My honors students discussed Mike Rose's The Mind at Work tonight, especially two chapters on vocational educational programs. Rose suggests that the pervasive mind-body separation and hierarchy is a misleading way to understand work, since in fact much of the labor we usually call "working-class" involves a great deal of cognition. This calls into question the idea that vocational training should exclude academic and humanistic-liberal subjects. If mechanics, for example, requires high-order "mind work," ought mechanics classes in high school vo-tech programs come at the expense of physics, Spanish, and the like?

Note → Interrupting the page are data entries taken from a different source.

(* For every $\delta>0$ and $n\in\mathbb{N}$ there exists $N\in\mathbb{N}$ such that the following holds for every $N$-partitioned hypergraph $H$ and every choice of vertices $\gamma_{ik}\in V_{ik}$, $i<k$, $i,k\in[N]$, such that the degree of $\gamma_{ik}$ in every $(i,j,k)$-triad with $i<j<k$, $j\in[N]$, is at least $\delta$: there exist an induced $n$-partitioned subhypergraph $H'$ of $H$ with index set $I\subseteq[N]$ and vertices $\alpha_{ij},\beta_{ij}\in V_{ij}$, $i<j$, $i,j\in I$, such that $\{\alpha_{ij},\beta_{jk},\gamma_{ik}\}$ is an edge in the $(i,j,k)$-triad for all $i<j<k$, $i,j,k\in I$.
   Context: An $n$-partitioned hypergraph $H$ is a finite $3$-uniform hypergraph whose vertex set is partitioned into nonempty sets $V_{ij}$, $1\le i<j\le n$, such that every edge has, for some $1\le i<j<k\le n$, exactly one vertex in each of $V_{ij}$, $V_{ik}$, $V_{jk}$; the set of such edges is the $(i,j,k)$-triad. The degree of a vertex $v\in V_{ik}$ in the $(i,j,k)$-triad is the number of edges of that triad containing $v$ divided by $|V_{ij}||V_{jk}|$. For $I\subseteq[n]$, the induced subhypergraph with index set $I$ is the $|I|$-partitioned hypergraph with parts $V_{ij}$, $i<j$, $i,j\in I$ (indexed by elements of $I$) and all edges of $H$ contained in the union of these parts. *)

theory Defs
  imports Complex_Main
begin

text \<open>An N-partitioned hypergraph is given by a family of parts V i j
  (only the pairs 1 \<le> i < j \<le> N are relevant) and a set E of edges
  (3-element vertex sets).  The vertex set is the union of the parts.\<close>

definition valid_pair :: "nat \<Rightarrow> nat \<Rightarrow> nat \<Rightarrow> bool" where
  "valid_pair N i j \<longleftrightarrow> 1 \<le> i \<and> i < j \<and> j \<le> N"

definition in_triad :: "(nat \<Rightarrow> nat \<Rightarrow> 'v set) \<Rightarrow> nat \<Rightarrow> nat \<Rightarrow> nat \<Rightarrow> 'v set \<Rightarrow> bool" where
  "in_triad V i j k e \<longleftrightarrow> (\<exists>a\<in>V i j. \<exists>b\<in>V i k. \<exists>c\<in>V j k. e = {a, b, c})"

definition partitioned_hypergraph ::
  "nat \<Rightarrow> (nat \<Rightarrow> nat \<Rightarrow> 'v set) \<Rightarrow> 'v set set \<Rightarrow> bool" where
  "partitioned_hypergraph N V E \<longleftrightarrow>
     (\<forall>i j. valid_pair N i j \<longrightarrow> finite (V i j) \<and> V i j \<noteq> {}) \<and>
     (\<forall>i j i' j'. valid_pair N i j \<and> valid_pair N i' j' \<and> (i, j) \<noteq> (i', j')
         \<longrightarrow> V i j \<inter> V i' j' = {}) \<and>
     (\<forall>e\<in>E. \<exists>i j k. 1 \<le> i \<and> i < j \<and> j < k \<and> k \<le> N \<and> in_triad V i j k e)"

definition triad :: "(nat \<Rightarrow> nat \<Rightarrow> 'v set) \<Rightarrow> 'v set set \<Rightarrow> nat \<Rightarrow> nat \<Rightarrow> nat \<Rightarrow> 'v set set" where
  "triad V E i j k = {e \<in> E. in_triad V i j k e}"

definition triad_degree ::
  "(nat \<Rightarrow> nat \<Rightarrow> 'v set) \<Rightarrow> 'v set set \<Rightarrow> nat \<Rightarrow> nat \<Rightarrow> nat \<Rightarrow> 'v \<Rightarrow> real" where
  "triad_degree V E i j k v =
     real (card {e \<in> triad V E i j k. v \<in> e}) / (real (card (V i j)) * real (card (V j k)))"

end

(*
  Colour each (2n+1)-subset X of {1..N} by whether X is linked at its median j: there are
  x_i in V_ij (i < j) and y_k in V_jk (k > j), for i, k in X, such that {x_i, y_k, gamma_ik} is an
  edge for all i < j < k in X. Ramsey's theorem gives either a 3n-set all of whose
  (2n+1)-subsets are linked at their medians, or a large set none of whose are.

  In the first case the middle third I of the 3n-set works: every j in I is the median of the
  2n+1 elements whose rank differs from that of j by at most n, and these contain I.

  The second case is impossible. Take j with M1 elements below and M2 above it. Choose each
  y_k to maximise the expected number of edges {x_i, y_k, gamma_ik} for uniformly random x_i,
  and then each x_i greedily; by the degree condition at least a delta-fraction of the pairs
  (i, k) then give edges. This bipartite graph contains a K_{n,n} once M2 is large compared
  with binomial(M1, n), and its two sides together with j form a (2n+1)-set linked at j.
*)

theory Submission
  imports Defs "HOL-Library.Ramsey"
begin

section \<open>Averaging and double counting\<close>

lemma exists_ge_average:
  fixes g :: "'a \<Rightarrow> real"
  assumes "finite Y" "Y \<noteq> {}"
  shows "\<exists>y\<in>Y. sum g Y \<le> card Y * g y"
proof (rule ccontr)
  assume "\<not> ?thesis"
  then have "(\<Sum>y\<in>Y. card Y * g y) < (\<Sum>y\<in>Y. sum g Y)"
    using assms by (intro sum_strict_mono) auto
  then show False by (simp add: sum_distrib_left)
qed

lemma exists_choice_ge_average:
  fixes f :: "'i \<Rightarrow> 'a \<Rightarrow> real"
  assumes "\<And>i. i \<in> L \<Longrightarrow> finite (P i) \<and> P i \<noteq> {}"
  obtains x where "\<And>i. i \<in> L \<Longrightarrow> x i \<in> P i"
    and "\<And>i. i \<in> L \<Longrightarrow> (\<Sum>a\<in>P i. f i a) \<le> card (P i) * f i (x i)"
proof -
  have "\<forall>i\<in>L. \<exists>a\<in>P i. (\<Sum>a\<in>P i. f i a) \<le> card (P i) * f i a"
    using assms exists_ge_average by blast
  then show thesis using that by metis
qed

lemma card_pairs_eq_sum:
  assumes "finite A" "finite B"
  shows "card {(a, b) \<in> A \<times> B. R a b} = (\<Sum>a\<in>A. card {b \<in> B. R a b})"
proof -
  have "{(a, b) \<in> A \<times> B. R a b} = (SIGMA a:A. {b \<in> B. R a b})" by auto
  then show ?thesis using assms by simp
qed

lemma sum_card_swap:
  assumes "finite A" "finite B"
  shows "(\<Sum>a\<in>A. card {b \<in> B. R a b}) = (\<Sum>b\<in>B. card {a \<in> A. R a b})"
  by (rule sum_multicount_gen[OF assms]) simp

lemma card_large_values_lower_bound:
  fixes g :: "'a \<Rightarrow> real" and c U :: real
  assumes "finite S" "c \<ge> 0" "\<And>s. s \<in> S \<Longrightarrow> g s \<le> U"
    and "c * card S \<le> (\<Sum>s\<in>S. g s)"
  shows "c / 2 * card S \<le> card {s\<in>S. c/2 \<le> g s} * U"
proof -
  let ?B = "{s\<in>S. c/2 \<le> g s}" and ?C = "{s\<in>S. \<not> c/2 \<le> g s}"
  have "(\<Sum>s\<in>?B \<union> ?C. g s) = (\<Sum>s\<in>?B. g s) + (\<Sum>s\<in>?C. g s)"
    using assms(1) by (intro sum.union_disjoint) auto
  moreover have "?B \<union> ?C = S" by auto
  ultimately have "(\<Sum>s\<in>S. g s) = (\<Sum>s\<in>?B. g s) + (\<Sum>s\<in>?C. g s)" by simp
  also have "\<dots> \<le> card ?B * U + card ?C * (c/2)"
    using assms(3) sum_mono[of ?C g "\<lambda>_. c/2"] sum_mono[of ?B g "\<lambda>_. U"]
    by (auto simp: mult.commute)
  also have "card ?C * (c/2) \<le> card S * (c/2)"
    using assms(1,2) by (intro mult_right_mono) (auto intro: card_mono)
  finally show ?thesis using assms(4) by (simp add: algebra_simps)
qed

section \<open>Complete bipartite subgraphs of dense bipartite graphs\<close>

lemma exists_choices_many_hits:
  fixes \<delta> :: real and T :: "'i \<Rightarrow> 'k \<Rightarrow> 'a \<Rightarrow> 'b \<Rightarrow> bool"
  assumes "finite L" "finite R"
    and P: "\<And>i. i \<in> L \<Longrightarrow> finite (P i) \<and> P i \<noteq> {}"
    and Q: "\<And>k. k \<in> R \<Longrightarrow> finite (Q k) \<and> Q k \<noteq> {}"
    and dense: "\<And>i k. i \<in> L \<Longrightarrow> k \<in> R \<Longrightarrow>
      \<delta> * card (P i) * card (Q k) \<le> card {(a, b) \<in> P i \<times> Q k. T i k a b}"
  obtains x y where "\<And>i. i \<in> L \<Longrightarrow> x i \<in> P i" "\<And>k. k \<in> R \<Longrightarrow> y k \<in> Q k"
    and "\<delta> * card L * card R \<le> card {(i, k) \<in> L \<times> R. T i k (x i) (y k)}"
proof -
  define w where "w i k b = card {a \<in> P i. T i k a b} / card (P i)" for i k b
  have w_sum: "\<delta> * card (Q k) \<le> (\<Sum>b\<in>Q k. w i k b)" if "i \<in> L" "k \<in> R" for i k
  proof -
    have "card {(a, b) \<in> P i \<times> Q k. T i k a b} = (\<Sum>a\<in>P i. card {b \<in> Q k. T i k a b})"
      using P[OF that(1)] Q[OF that(2)] by (intro card_pairs_eq_sum) auto
    also have "\<dots> = (\<Sum>b\<in>Q k. card {a \<in> P i. T i k a b})"
      using P[OF that(1)] Q[OF that(2)] by (intro sum_card_swap) auto
    finally have "\<delta> * card (P i) * card (Q k) \<le> (\<Sum>b\<in>Q k. card {a \<in> P i. T i k a b})"
      using dense[OF that] by (simp only: of_nat_sum)
    moreover have "card (P i) > 0" using P[OF that(1)] by (simp add: card_gt_0_iff)
    ultimately show ?thesis
      by (simp add: w_def pos_le_divide_eq mult_ac flip: sum_divide_distrib)
  qed
  obtain y where y: "\<And>k. k \<in> R \<Longrightarrow> y k \<in> Q k"
    and y_avg: "\<And>k. k \<in> R \<Longrightarrow> (\<Sum>b\<in>Q k. \<Sum>i\<in>L. w i k b) \<le> card (Q k) * (\<Sum>i\<in>L. w i k (y k))"
    using exists_choice_ge_average[of R Q "\<lambda>k b. \<Sum>i\<in>L. w i k b", OF Q] by blast
  have y_large: "\<delta> * card L \<le> (\<Sum>i\<in>L. w i k (y k))" if "k \<in> R" for k
  proof -
    have "card (Q k) * (\<delta> * card L) = (\<Sum>i\<in>L. \<delta> * card (Q k))" by simp
    also have "\<dots> \<le> (\<Sum>i\<in>L. \<Sum>b\<in>Q k. w i k b)" using w_sum that by (intro sum_mono) auto
    also have "\<dots> = (\<Sum>b\<in>Q k. \<Sum>i\<in>L. w i k b)" by (rule sum.swap)
    also have "\<dots> \<le> card (Q k) * (\<Sum>i\<in>L. w i k (y k))" by (rule y_avg[OF that])
    finally show ?thesis using Q[OF that] by (simp add: card_gt_0_iff)
  qed
  obtain x where x: "\<And>i. i \<in> L \<Longrightarrow> x i \<in> P i"
    and x_avg: "\<And>i. i \<in> L \<Longrightarrow> (\<Sum>a\<in>P i. real (card {k \<in> R. T i k a (y k)}))
      \<le> real (card (P i)) * card {k \<in> R. T i k (x i) (y k)}"
    using exists_choice_ge_average[of L P "\<lambda>i a. card {k \<in> R. T i k a (y k)}", OF P] by blast
  have x_large: "(\<Sum>k\<in>R. w i k (y k)) \<le> card {k \<in> R. T i k (x i) (y k)}" if "i \<in> L" for i
  proof -
    have "card (P i) * (\<Sum>k\<in>R. w i k (y k)) = (\<Sum>k\<in>R. card {a \<in> P i. T i k a (y k)})"
      using P[OF that] by (simp add: w_def sum_distrib_left)
    also have "\<dots> = (\<Sum>a\<in>P i. card {k \<in> R. T i k a (y k)})"
      using sum_card_swap[of R "P i"] P[OF that] \<open>finite R\<close> by (simp only: of_nat_sum)
    also have "\<dots> \<le> real (card (P i)) * card {k \<in> R. T i k (x i) (y k)}"
      using x_avg[OF that] by simp
    finally show ?thesis using P[OF that] by (simp add: card_gt_0_iff)
  qed
  have "\<delta> * card L * card R = (\<Sum>k\<in>R. \<delta> * card L)" by simp
  also have "\<dots> \<le> (\<Sum>k\<in>R. \<Sum>i\<in>L. w i k (y k))" using y_large by (intro sum_mono) auto
  also have "\<dots> = (\<Sum>i\<in>L. \<Sum>k\<in>R. w i k (y k))" by (rule sum.swap)
  also have "\<dots> \<le> (\<Sum>i\<in>L. real (card {k \<in> R. T i k (x i) (y k)}))"
    using x_large by (intro sum_mono) auto
  also have "\<dots> = card {(i, k) \<in> L \<times> R. T i k (x i) (y k)}"
    using assms(1,2) by (simp only: card_pairs_eq_sum of_nat_sum)
  finally show ?thesis using that x y by blast
qed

Students in the class described familiar high school experiences: twelth graders on the vo-tech track leaving for the afternoon for job training courses, etc. We worked to unpack the language we use to talk about vocational training, especially regarding issues of agency ("students need useful skills," "the community needs a trained workforce," "kids who don't want to go to college need lucrative know-how," etc.). Who benfits from the language of need? Whose "needs" do the familiar tropes of vo-tech learning obscure (e.g., industry that benefits by having public moneys pay to train its workers)? Good discussion, good group of students.

11/03/2006

george bush as art


Steven Krause links to the video for Neil Young's song "Let's Impeach the President" and touts the clip's smart deconstruction of the cable news genre. Certainly the video also relies on culture jamming--a la Andy Warhol and Adbusters Magazine--the co-opting of icons from mass media to create an ironic piece of subversive art (spray-painting the words "eating meat" on a stop sign).

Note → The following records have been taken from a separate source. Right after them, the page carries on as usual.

(* Let $n,k,d,\mu$ be integers with $1\le k\le d<n$ and $\mu\in\{1,2,\dots,k\}$, and let $\mathbb{F}_q$ be a finite field with $q\ge n$. Define $$\alpha(k,d;\mu)=\sum_{m=0}^{\mu}(d-k)^{\mu-m}\binom{k}{m},\qquad \beta(k,d;\mu)=\sum_{m=0}^{\mu}(d-k)^{\mu-m}\binom{k-1}{m-1},$$ $$F(k,d;\mu)=\sum_{m=0}^{\mu}k(d-k)^{\mu-m}\binom{k}{m}-\binom{k}{\mu+1}.$$ Then there exists a linear $(n,k,d)$ exact-repair regenerating code over $\mathbb{F}_q$ with parameters $(\alpha,\beta,F)=(\alpha(k,d;\mu),\beta(k,d;\mu),F(k,d;\mu))$.
   Context: Conventions: $0^0=1$; $\binom{\ell}{m}=0$ if $m<0$ or $m>\ell$. An $(n,k,d)$ exact-repair regenerating code over $\mathbb{F}_q$ with parameters $(\alpha,\beta,F)$ encodes a file consisting of $F$ symbols of $\mathbb{F}_q$ into the contents of $n$ nodes, each node storing $\alpha$ symbols of $\mathbb{F}_q$, such that: (data recovery) for every set of $k$ nodes, the file is a function of the contents of these $k$ nodes; (exact repair) for every node $f$ and every set $\mathcal{H}$ of $d$ nodes not containing $f$, each helper $h\in\mathcal H$ can send $\beta$ symbols of $\mathbb{F}_q$, computed from the content of node $h$ (and the identities of $h$ and $f$), from which the content of node $f$ is exactly reconstructed. The code is linear if all node contents and all transmitted repair symbols are $\mathbb{F}_q$-linear functions of the file symbols. *)

theory Defs
  imports Main
begin

definition alpha_p :: "nat \<Rightarrow> nat \<Rightarrow> nat \<Rightarrow> nat" where
  "alpha_p k d \<mu> = (\<Sum>m = 0..\<mu>. (d - k) ^ (\<mu> - m) * (k choose m))"

definition beta_p :: "nat \<Rightarrow> nat \<Rightarrow> nat \<Rightarrow> nat" where
  "beta_p k d \<mu> = (\<Sum>m = 0..\<mu>. (d - k) ^ (\<mu> - m) *
      (if m = 0 then 0 else (k - 1) choose (m - 1)))"

definition F_p :: "nat \<Rightarrow> nat \<Rightarrow> nat \<Rightarrow> int" where
  "F_p k d \<mu> = (\<Sum>m = 0..\<mu>. int k * int (d - k) ^ (\<mu> - m) * int (k choose m))
       - int (k choose (\<mu> + 1))"

text \<open>Files: vectors of F symbols, represented as functions vanishing from index F on.
  Node contents: enc i x j is symbol j (j < alpha) stored at node i for file x.
  Repair messages: rep f h v j is symbol j (j < beta) sent by helper h to repair node f,
  computed from the content v of node h.\<close>

definition files :: "nat \<Rightarrow> (nat \<Rightarrow> 'a::zero) set" where
  "files F = {x. \<forall>i\<ge>F. x i = 0}"

definition content :: "nat \<Rightarrow> (nat \<Rightarrow> (nat \<Rightarrow> 'a) \<Rightarrow> nat \<Rightarrow> 'a::zero) \<Rightarrow> nat \<Rightarrow> (nat \<Rightarrow> 'a) \<Rightarrow> nat \<Rightarrow> 'a" where
  "content \<alpha> enc i x = (\<lambda>j. if j < \<alpha> then enc i x j else 0)"

definition lin_on :: "nat \<Rightarrow> ((nat \<Rightarrow> 'a::field) \<Rightarrow> 'a) \<Rightarrow> bool" where
  "lin_on F g \<longleftrightarrow> (\<forall>x\<in>files F. \<forall>y\<in>files F. \<forall>a.
       g (\<lambda>i. x i + y i) = g x + g y \<and> g (\<lambda>i. a * x i) = a * g x)"

definition regen_code ::
  "nat \<Rightarrow> nat \<Rightarrow> nat \<Rightarrow> nat \<Rightarrow> nat \<Rightarrow> nat \<Rightarrow>
   (nat \<Rightarrow> (nat \<Rightarrow> 'a::field) \<Rightarrow> nat \<Rightarrow> 'a) \<Rightarrow>
   (nat \<Rightarrow> nat \<Rightarrow> (nat \<Rightarrow> 'a) \<Rightarrow> nat \<Rightarrow> 'a) \<Rightarrow> bool" where
  "regen_code n k d \<alpha> \<beta> F enc rep \<longleftrightarrow>
     \<comment> \<open>data recovery: the file is a function of the contents of any k nodes\<close>
     (\<forall>K. K \<subseteq> {0..<n} \<and> card K = k \<longrightarrow>
        (\<forall>x\<in>files F. \<forall>y\<in>files F.
           (\<forall>i\<in>K. content \<alpha> enc i x = content \<alpha> enc i y) \<longrightarrow> x = y)) \<and>
     \<comment> \<open>exact repair: content of f is a function of the messages of any d helpers\<close>
     (\<forall>f H. f < n \<and> H \<subseteq> {0..<n} - {f} \<and> card H = d \<longrightarrow>
        (\<forall>x\<in>files F. \<forall>y\<in>files F.
           (\<forall>h\<in>H. \<forall>j<\<beta>. rep f h (content \<alpha> enc h x) j = rep f h (content \<alpha> enc h y) j)
           \<longrightarrow> content \<alpha> enc f x = content \<alpha> enc f y))"

definition linear_code ::
  "nat \<Rightarrow> nat \<Rightarrow> nat \<Rightarrow> nat \<Rightarrow>
   (nat \<Rightarrow> (nat \<Rightarrow> 'a::field) \<Rightarrow> nat \<Rightarrow> 'a) \<Rightarrow>
   (nat \<Rightarrow> nat \<Rightarrow> (nat \<Rightarrow> 'a) \<Rightarrow> nat \<Rightarrow> 'a) \<Rightarrow> bool" where
  "linear_code n \<alpha> \<beta> F enc rep \<longleftrightarrow>
     (\<forall>i<n. \<forall>j<\<alpha>. lin_on F (\<lambda>x. enc i x j)) \<and>
     (\<forall>f<n. \<forall>h<n. h \<noteq> f \<longrightarrow> (\<forall>j<\<beta>. lin_on F (\<lambda>x. rep f h (content \<alpha> enc h x) j)))"

end

(*
  Put r = d - k and let V = U \<oplus> W with bases u_0, ..., u_{k-1} of U and w_0, ..., w_{r-1} of W.  Node i stores
  \<psi>_i \<cdot> D = \<Sum>_y a_i^y D_y for distinct field elements a_i.

  Contraction \<iota>_\<psi> with a covector is an antiderivation with \<iota>_\<psi> \<circ> \<iota>_\<psi> = 0, hence
  \<iota>_\<psi>(\<Sum>_y e_y D_y) = \<psi> \<cdot> D - \<Sum>_y e_y \<iota>_\<psi> D_y.  Data recovery: at k nodes the Vandermonde
  system returns the U-components D_x, by descending induction on the length of the W-word, and
  these contain all free symbols.  Exact repair of node f: helper h sends the coordinates of
  \<iota>_{\<psi>_f}(\<psi>_h \<cdot> D) of degree \<mu> - 1 not involving u_0.  From d helpers the Vandermonde system
  yields these coordinates of every \<iota>_{\<psi>_f} D_y, hence all of them, because \<iota> \<circ> \<iota> = 0 and
  \<psi>_f(u_0) = 1; then \<psi>_f \<cdot> D = \<Sum>_y e_y \<iota>_{\<psi>_f} D_y.
*)

theory Submission
  imports Defs "HOL-Computational_Algebra.Polynomial"
begin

The other night I saw the faux documentary "Death of a President," in some ways a similar artistic artifact. Director Gabriel Range pieces together a "documentary" that looks at the 2007 assassination of George W. Bush. The audacious concept of the film overshadows the aesthetics, the affect, and the pathos, and the interesting-but-flat film chugs along on its one note. Still, the second and final act follows the investigation and that act's plot presents some surprises that I didn't see coming. Like Young's video, DoaP mashes up fiction and non-fiction, jamming icons. We see the real Bush delivering a real speech in Chicago. We see the real "President" Cheney (shudder) giving a real the eulogy--actually a clip of Ronald Reagan's funeral, according to all the reviews I've seen.

South Park offers an absurd and low-fi version of this brand of mash-up. So do Robert Smigel's "Saturday TV Funhouse" segments of Saturday Night Live, which use real audio soundbites dubbed over cartoon versions of politicians. Jimmy Kimmel's uproarious "Unnecessary Censorship" clips (Bush is a frequent target of the segments), where Kimmel pixelates celebs and politicians and beeps out their audio, make it seem like the famous are naked in public and/or saying wildly obscene things.

Culture jamming is thriving on the web, on television, in the world of music and film. George W. Bush may go down in history as one of the key figures in the mash-up revolution.